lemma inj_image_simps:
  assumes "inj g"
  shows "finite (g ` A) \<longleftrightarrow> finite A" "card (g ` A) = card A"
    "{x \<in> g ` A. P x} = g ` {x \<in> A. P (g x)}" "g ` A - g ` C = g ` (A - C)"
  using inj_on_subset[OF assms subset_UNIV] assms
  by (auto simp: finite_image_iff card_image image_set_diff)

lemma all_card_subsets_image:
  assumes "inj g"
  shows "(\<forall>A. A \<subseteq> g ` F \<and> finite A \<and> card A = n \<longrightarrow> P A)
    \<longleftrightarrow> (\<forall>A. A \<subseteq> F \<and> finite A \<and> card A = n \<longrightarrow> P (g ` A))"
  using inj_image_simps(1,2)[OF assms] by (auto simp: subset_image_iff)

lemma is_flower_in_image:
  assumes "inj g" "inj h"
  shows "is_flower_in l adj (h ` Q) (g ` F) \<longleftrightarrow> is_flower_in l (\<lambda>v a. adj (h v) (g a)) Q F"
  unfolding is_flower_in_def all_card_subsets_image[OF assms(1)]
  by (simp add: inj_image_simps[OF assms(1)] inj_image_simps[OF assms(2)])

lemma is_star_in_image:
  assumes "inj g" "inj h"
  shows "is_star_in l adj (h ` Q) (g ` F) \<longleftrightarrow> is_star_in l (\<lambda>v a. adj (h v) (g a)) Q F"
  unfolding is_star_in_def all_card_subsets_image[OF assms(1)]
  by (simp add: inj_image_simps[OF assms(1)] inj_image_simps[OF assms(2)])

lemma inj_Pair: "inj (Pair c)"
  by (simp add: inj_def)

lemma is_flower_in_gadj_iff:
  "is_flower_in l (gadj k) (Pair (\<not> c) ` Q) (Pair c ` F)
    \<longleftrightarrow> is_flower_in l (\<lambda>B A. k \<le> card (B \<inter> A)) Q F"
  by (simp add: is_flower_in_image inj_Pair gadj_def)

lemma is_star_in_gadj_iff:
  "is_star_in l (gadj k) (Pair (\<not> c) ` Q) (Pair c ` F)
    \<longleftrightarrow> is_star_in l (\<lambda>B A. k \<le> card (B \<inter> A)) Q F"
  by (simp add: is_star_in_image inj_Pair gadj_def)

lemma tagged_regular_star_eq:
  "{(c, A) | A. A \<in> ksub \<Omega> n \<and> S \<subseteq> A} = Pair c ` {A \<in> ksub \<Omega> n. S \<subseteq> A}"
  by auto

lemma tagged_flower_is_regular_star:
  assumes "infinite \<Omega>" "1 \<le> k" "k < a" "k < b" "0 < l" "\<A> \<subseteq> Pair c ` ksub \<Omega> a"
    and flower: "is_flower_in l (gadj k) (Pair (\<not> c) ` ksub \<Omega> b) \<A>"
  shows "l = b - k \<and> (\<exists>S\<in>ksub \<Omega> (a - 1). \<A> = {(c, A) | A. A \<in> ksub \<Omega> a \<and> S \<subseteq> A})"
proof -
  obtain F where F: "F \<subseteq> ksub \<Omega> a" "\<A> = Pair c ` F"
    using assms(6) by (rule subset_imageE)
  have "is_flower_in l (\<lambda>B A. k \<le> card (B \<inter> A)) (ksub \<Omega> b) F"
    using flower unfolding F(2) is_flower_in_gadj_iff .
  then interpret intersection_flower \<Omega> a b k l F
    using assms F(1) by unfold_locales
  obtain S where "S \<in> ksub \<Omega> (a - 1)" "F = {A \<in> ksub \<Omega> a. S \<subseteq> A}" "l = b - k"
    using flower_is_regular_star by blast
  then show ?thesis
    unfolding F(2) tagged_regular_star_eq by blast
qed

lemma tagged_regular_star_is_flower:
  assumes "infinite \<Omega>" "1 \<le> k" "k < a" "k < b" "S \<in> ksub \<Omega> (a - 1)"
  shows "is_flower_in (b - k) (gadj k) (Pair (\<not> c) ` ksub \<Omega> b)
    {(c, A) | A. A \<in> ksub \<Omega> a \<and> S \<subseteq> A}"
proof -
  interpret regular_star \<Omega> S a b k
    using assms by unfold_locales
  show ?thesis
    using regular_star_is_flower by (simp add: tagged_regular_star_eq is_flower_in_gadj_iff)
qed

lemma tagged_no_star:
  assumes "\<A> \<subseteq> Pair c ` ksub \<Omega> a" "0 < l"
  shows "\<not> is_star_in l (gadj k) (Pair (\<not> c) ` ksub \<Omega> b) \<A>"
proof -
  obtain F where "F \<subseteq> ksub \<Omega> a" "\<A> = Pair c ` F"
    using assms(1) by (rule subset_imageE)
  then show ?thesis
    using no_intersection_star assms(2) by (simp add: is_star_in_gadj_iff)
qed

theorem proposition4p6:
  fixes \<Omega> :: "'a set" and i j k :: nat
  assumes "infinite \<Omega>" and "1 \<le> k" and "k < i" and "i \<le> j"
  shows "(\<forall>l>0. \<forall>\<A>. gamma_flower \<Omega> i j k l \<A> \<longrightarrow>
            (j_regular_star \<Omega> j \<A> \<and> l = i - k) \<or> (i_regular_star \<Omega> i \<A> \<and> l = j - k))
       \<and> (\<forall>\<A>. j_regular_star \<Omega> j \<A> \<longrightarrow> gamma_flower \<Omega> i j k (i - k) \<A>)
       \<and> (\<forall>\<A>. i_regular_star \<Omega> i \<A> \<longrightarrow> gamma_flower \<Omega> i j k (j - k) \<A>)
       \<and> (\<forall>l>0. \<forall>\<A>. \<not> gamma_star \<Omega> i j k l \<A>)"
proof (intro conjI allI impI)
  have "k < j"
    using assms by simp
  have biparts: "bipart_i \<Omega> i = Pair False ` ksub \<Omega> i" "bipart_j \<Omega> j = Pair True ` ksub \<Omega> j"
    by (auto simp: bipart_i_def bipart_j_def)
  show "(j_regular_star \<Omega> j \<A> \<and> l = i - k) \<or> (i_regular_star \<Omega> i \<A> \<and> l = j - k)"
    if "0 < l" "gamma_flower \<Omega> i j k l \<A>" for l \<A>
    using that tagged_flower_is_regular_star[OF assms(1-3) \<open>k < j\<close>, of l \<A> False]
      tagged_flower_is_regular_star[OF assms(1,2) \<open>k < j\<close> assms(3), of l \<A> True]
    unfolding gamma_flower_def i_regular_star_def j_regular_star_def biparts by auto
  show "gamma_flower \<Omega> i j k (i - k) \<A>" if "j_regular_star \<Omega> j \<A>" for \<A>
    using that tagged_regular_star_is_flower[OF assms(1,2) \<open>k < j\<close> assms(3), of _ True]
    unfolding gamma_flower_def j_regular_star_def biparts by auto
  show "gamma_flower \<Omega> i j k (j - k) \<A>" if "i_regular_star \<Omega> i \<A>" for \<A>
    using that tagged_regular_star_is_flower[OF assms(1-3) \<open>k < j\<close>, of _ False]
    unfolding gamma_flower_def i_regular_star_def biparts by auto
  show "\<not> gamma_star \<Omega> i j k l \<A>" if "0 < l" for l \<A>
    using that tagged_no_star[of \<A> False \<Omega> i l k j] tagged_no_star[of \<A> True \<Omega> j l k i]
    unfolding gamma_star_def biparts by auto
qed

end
==
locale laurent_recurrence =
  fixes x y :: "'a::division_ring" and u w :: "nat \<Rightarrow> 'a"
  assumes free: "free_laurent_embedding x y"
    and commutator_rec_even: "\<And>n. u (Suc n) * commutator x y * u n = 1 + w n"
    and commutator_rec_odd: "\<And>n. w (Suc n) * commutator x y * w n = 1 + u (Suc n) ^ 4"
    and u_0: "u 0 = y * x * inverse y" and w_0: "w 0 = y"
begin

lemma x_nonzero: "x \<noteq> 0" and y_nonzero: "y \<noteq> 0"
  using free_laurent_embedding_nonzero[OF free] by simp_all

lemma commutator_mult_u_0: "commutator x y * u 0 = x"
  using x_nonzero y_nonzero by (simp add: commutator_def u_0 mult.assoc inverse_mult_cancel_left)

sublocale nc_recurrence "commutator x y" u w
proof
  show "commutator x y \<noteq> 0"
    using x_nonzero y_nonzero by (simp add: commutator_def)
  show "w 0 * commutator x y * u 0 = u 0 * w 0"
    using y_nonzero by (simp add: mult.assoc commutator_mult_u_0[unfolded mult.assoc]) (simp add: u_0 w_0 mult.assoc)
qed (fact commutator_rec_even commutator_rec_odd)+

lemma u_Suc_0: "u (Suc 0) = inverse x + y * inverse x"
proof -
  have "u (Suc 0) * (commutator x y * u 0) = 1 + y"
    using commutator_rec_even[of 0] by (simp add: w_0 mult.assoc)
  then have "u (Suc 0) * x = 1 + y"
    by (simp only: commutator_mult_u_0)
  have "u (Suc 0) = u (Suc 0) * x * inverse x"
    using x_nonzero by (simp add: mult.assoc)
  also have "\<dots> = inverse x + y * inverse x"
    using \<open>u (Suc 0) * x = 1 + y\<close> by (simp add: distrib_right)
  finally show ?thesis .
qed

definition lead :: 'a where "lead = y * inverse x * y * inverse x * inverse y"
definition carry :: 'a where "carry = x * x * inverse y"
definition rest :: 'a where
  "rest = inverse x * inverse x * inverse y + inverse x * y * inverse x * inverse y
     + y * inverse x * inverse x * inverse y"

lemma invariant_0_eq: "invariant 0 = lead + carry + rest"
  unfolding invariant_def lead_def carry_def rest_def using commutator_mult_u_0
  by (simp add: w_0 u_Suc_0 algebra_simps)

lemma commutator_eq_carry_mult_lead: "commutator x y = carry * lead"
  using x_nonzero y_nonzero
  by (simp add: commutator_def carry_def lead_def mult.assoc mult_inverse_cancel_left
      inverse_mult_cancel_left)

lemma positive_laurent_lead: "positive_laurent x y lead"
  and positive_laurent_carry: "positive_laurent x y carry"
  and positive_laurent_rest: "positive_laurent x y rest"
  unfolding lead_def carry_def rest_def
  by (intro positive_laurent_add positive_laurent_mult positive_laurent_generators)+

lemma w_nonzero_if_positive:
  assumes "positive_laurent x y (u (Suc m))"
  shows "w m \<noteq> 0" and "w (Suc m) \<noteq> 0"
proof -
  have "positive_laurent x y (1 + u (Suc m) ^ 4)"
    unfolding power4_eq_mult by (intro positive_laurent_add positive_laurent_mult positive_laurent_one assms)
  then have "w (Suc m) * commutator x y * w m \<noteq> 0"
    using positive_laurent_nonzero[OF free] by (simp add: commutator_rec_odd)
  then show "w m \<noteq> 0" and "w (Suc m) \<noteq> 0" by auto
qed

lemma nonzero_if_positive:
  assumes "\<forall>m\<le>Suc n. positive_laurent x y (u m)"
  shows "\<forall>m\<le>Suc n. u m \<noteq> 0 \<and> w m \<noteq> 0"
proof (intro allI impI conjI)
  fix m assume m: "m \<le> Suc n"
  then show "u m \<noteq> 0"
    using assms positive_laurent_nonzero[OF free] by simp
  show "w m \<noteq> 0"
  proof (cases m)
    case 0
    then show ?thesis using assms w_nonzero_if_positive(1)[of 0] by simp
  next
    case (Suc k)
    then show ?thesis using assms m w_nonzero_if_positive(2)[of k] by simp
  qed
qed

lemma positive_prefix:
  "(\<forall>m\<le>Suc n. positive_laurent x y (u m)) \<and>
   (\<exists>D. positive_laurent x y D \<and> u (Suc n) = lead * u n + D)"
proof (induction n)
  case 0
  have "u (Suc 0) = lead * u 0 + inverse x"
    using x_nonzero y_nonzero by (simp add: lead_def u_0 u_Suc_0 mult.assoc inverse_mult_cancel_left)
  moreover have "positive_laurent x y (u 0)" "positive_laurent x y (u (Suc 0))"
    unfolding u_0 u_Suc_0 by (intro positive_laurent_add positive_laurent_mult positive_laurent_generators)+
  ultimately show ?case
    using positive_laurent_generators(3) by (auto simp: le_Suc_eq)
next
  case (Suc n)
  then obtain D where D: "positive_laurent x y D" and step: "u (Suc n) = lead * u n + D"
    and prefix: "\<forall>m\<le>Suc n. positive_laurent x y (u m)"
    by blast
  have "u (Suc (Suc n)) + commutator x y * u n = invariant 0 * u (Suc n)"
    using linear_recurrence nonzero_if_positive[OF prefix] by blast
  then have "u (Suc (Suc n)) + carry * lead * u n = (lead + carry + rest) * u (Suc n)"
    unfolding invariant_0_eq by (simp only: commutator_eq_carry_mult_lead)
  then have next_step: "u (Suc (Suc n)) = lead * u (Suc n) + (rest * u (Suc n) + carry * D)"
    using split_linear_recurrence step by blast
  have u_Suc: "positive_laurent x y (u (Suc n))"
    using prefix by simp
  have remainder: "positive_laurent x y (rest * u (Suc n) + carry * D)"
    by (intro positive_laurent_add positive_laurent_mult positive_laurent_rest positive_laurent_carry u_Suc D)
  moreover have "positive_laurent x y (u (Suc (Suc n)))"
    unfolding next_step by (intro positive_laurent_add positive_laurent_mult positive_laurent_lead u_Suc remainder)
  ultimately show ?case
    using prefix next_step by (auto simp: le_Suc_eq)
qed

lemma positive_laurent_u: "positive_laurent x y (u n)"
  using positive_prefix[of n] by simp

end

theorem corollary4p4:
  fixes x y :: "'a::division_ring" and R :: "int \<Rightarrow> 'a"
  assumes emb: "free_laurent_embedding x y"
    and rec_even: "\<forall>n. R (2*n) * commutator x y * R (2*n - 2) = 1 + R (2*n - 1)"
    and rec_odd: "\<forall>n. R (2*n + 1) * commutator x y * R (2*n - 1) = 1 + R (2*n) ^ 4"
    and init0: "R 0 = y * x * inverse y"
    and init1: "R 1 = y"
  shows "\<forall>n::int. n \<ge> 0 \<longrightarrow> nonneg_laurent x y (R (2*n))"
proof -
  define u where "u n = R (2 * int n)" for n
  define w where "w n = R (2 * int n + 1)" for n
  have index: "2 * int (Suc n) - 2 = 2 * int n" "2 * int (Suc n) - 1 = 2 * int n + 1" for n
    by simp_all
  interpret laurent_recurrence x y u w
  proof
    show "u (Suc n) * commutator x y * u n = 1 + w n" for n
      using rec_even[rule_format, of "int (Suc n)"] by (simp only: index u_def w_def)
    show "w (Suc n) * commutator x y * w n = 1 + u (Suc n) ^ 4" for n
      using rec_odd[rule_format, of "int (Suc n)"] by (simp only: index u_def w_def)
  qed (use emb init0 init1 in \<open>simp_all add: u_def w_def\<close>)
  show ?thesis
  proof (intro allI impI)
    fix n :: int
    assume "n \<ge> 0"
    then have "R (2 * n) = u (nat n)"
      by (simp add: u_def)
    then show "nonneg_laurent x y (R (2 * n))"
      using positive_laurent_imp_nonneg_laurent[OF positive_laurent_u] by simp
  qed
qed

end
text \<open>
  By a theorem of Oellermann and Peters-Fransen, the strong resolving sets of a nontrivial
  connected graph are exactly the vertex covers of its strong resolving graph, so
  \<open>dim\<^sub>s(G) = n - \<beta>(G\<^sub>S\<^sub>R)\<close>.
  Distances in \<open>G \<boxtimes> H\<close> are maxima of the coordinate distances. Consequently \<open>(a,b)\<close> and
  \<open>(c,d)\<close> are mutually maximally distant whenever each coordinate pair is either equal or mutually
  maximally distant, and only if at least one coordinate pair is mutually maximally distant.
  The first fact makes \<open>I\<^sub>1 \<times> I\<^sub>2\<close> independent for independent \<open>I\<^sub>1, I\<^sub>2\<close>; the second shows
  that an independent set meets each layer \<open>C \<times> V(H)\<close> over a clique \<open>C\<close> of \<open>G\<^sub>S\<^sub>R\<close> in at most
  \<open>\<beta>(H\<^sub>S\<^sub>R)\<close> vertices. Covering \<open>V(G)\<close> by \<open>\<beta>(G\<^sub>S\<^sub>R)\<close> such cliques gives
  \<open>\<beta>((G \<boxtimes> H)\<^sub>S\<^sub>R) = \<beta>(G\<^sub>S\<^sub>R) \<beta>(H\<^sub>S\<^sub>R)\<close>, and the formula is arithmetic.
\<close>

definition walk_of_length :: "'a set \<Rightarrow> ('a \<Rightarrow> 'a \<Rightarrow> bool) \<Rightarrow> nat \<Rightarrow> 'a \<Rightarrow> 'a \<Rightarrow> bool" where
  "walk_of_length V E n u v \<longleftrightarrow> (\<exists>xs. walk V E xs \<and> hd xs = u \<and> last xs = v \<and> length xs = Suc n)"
==
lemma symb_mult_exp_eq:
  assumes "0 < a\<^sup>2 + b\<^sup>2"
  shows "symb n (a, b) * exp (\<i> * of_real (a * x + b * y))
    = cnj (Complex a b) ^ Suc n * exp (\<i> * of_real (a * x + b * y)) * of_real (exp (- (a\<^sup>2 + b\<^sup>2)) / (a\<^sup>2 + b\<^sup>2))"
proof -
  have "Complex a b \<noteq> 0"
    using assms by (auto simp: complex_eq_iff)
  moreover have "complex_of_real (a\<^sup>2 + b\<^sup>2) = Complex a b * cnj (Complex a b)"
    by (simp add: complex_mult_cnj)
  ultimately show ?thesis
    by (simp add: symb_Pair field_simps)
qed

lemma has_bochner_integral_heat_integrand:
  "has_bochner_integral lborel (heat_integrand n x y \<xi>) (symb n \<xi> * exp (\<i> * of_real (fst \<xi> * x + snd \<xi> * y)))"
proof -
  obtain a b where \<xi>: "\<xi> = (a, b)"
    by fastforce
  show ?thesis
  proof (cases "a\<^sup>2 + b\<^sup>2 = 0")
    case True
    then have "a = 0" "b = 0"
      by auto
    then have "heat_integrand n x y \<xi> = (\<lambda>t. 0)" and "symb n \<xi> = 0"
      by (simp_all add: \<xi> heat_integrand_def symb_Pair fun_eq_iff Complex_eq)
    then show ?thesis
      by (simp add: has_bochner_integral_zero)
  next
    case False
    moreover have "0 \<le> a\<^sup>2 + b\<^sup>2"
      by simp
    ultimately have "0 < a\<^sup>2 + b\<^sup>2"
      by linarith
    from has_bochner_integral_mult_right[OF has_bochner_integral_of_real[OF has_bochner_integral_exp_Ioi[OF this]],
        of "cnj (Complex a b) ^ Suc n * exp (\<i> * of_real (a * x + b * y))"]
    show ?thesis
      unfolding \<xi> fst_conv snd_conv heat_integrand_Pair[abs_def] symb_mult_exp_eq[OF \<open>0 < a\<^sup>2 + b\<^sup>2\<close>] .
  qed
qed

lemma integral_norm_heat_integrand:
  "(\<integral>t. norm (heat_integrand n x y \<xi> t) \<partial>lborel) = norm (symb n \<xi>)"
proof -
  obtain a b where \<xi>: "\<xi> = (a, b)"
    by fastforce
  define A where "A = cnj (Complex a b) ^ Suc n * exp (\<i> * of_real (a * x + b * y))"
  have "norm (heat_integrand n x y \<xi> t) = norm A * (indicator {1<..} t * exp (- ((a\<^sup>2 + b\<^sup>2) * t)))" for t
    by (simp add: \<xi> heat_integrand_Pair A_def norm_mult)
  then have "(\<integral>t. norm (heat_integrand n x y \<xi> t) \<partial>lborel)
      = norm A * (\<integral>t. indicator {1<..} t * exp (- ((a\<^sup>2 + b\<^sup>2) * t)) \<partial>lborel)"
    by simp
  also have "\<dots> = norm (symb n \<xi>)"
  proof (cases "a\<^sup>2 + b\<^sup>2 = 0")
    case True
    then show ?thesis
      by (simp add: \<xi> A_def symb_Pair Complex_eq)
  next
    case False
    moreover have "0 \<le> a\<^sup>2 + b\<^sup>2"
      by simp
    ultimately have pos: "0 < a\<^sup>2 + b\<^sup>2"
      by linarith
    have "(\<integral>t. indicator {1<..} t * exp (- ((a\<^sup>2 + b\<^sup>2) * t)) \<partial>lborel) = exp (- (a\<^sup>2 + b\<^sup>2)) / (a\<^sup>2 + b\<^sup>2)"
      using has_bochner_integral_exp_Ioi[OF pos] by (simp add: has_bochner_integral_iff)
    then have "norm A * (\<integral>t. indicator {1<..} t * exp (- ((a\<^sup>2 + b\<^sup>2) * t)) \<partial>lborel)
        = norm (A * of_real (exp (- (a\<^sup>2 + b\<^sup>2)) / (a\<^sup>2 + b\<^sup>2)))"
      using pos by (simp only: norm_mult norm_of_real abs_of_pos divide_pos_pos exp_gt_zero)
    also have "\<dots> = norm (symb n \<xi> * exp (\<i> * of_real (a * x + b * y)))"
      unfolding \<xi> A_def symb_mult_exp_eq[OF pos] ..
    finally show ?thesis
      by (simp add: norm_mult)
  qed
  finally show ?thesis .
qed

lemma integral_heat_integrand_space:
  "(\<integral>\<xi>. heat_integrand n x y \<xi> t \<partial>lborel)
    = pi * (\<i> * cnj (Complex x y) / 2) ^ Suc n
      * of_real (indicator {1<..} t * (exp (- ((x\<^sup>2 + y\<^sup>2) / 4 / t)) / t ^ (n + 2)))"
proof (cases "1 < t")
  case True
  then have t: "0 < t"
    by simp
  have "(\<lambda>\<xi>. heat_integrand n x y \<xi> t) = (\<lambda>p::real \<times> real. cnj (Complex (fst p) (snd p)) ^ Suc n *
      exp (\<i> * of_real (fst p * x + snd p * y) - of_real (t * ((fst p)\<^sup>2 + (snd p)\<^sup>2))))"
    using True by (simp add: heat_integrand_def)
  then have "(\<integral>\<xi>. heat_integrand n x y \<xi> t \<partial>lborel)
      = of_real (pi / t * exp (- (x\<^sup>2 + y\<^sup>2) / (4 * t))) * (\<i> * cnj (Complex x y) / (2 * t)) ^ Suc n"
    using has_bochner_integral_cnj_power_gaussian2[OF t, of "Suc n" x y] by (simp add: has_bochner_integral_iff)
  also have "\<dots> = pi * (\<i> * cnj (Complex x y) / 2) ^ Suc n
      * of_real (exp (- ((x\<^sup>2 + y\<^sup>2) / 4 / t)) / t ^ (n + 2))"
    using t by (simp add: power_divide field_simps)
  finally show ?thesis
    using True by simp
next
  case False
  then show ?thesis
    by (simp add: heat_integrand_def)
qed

◆ REQUIRED ACTION
Copy each line above holding "impI".

◆ YOUR RESPONSE
proof (intro conjI allI impI)
proof (intro allI impI conjI)
  proof (intro allI impI)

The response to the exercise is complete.